Task instructions:
Wherever the string "modelled" turns up in the data, copy the whole line.

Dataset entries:
--- START ---

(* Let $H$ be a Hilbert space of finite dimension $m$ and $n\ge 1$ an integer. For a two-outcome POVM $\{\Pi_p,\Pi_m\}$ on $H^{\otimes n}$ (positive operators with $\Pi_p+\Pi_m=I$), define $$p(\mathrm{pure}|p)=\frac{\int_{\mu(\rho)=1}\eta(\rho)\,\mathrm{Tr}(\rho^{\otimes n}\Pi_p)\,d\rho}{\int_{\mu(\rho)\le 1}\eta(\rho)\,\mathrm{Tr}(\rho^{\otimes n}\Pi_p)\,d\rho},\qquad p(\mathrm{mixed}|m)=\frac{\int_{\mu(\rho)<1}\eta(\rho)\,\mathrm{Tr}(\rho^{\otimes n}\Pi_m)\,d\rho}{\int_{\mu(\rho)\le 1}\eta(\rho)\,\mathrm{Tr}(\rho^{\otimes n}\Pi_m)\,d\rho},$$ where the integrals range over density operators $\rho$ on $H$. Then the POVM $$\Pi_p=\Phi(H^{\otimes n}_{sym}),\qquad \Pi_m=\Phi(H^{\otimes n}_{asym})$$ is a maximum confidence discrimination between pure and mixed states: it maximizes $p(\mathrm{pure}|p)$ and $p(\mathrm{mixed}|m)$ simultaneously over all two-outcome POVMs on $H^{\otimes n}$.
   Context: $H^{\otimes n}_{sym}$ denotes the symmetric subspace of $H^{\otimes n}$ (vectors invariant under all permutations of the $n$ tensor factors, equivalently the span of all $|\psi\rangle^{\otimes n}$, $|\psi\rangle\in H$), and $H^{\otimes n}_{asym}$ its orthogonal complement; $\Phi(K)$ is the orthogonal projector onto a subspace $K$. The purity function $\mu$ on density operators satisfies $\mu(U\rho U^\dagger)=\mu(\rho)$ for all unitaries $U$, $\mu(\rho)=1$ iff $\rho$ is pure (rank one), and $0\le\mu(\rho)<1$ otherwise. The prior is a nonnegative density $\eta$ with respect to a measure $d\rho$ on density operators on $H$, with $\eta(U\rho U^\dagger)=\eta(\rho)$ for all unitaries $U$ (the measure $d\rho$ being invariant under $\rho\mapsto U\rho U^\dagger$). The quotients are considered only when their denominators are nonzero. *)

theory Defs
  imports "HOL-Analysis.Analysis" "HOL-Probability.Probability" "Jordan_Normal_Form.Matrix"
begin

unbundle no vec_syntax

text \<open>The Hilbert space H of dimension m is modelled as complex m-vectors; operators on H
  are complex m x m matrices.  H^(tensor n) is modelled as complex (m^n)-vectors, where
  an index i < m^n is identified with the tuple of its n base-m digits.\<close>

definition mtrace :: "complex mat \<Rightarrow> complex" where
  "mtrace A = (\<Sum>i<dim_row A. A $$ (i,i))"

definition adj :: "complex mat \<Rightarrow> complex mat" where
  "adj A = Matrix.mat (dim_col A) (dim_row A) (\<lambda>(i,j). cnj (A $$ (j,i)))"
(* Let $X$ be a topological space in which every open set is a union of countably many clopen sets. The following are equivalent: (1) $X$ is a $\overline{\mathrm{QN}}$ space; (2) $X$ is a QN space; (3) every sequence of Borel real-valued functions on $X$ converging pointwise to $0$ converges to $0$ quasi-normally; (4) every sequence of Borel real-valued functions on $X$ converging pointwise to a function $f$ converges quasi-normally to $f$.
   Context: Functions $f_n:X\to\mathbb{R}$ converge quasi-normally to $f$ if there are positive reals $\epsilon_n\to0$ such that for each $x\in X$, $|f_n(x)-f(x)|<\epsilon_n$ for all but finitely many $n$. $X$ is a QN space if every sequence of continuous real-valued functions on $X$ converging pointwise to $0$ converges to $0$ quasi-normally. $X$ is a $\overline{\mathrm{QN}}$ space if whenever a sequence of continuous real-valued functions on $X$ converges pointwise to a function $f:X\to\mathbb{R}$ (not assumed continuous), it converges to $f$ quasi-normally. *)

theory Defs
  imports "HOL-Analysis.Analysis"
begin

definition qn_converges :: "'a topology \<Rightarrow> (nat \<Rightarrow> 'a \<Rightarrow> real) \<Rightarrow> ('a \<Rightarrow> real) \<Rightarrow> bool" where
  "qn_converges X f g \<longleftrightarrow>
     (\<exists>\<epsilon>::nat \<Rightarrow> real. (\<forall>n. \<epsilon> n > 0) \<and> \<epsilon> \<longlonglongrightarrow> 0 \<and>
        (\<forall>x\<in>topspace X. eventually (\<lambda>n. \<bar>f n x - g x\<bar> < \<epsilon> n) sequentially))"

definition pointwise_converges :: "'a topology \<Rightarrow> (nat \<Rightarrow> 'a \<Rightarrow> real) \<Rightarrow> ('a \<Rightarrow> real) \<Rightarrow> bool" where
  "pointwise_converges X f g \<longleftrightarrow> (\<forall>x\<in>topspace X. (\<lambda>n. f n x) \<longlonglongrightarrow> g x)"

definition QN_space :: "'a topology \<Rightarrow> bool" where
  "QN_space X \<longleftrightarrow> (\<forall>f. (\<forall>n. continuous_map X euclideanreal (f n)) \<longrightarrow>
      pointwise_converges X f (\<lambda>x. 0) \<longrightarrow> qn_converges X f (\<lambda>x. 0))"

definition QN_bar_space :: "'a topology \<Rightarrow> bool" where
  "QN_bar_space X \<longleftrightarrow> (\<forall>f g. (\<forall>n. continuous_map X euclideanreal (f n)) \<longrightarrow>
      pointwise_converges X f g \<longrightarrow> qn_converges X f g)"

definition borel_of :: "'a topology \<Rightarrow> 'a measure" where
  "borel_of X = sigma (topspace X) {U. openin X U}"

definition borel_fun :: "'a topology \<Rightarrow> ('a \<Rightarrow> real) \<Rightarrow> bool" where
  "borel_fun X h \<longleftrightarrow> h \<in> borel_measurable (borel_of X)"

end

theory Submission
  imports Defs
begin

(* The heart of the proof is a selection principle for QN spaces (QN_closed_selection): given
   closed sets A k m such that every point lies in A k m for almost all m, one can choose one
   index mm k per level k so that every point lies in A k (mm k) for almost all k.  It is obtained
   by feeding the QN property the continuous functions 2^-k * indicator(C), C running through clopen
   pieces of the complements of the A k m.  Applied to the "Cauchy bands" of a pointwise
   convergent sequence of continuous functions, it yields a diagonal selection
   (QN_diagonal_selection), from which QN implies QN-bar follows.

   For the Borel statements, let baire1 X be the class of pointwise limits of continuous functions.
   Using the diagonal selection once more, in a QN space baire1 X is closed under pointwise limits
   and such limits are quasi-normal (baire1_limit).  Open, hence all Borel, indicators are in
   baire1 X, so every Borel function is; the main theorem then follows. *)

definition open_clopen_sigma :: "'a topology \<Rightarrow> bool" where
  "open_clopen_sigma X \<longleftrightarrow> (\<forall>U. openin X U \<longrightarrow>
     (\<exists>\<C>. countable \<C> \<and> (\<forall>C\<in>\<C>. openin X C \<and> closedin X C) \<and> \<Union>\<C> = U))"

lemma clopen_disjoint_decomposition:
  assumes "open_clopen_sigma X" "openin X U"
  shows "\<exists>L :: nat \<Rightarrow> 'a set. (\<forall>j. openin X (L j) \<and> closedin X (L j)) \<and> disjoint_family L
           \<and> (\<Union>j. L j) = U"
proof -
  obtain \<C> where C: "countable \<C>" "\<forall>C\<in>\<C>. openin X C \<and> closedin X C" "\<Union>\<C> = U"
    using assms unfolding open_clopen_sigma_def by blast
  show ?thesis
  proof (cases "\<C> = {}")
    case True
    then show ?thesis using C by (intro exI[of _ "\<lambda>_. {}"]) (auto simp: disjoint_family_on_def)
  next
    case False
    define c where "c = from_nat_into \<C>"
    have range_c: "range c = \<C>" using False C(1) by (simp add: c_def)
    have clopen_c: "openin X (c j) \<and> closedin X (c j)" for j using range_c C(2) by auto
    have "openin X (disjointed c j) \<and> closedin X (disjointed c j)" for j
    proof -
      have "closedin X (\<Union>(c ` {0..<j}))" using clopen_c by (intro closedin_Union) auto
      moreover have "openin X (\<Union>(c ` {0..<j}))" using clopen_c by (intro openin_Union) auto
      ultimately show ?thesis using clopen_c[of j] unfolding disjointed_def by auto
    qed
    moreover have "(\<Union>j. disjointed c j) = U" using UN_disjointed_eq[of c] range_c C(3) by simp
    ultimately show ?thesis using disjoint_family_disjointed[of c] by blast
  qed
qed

--- END ---

Solution to this exercise:
text \<open>The Hilbert space H of dimension m is modelled as complex m-vectors; operators on H
  are complex m x m matrices.  H^(tensor n) is modelled as complex (m^n)-vectors, where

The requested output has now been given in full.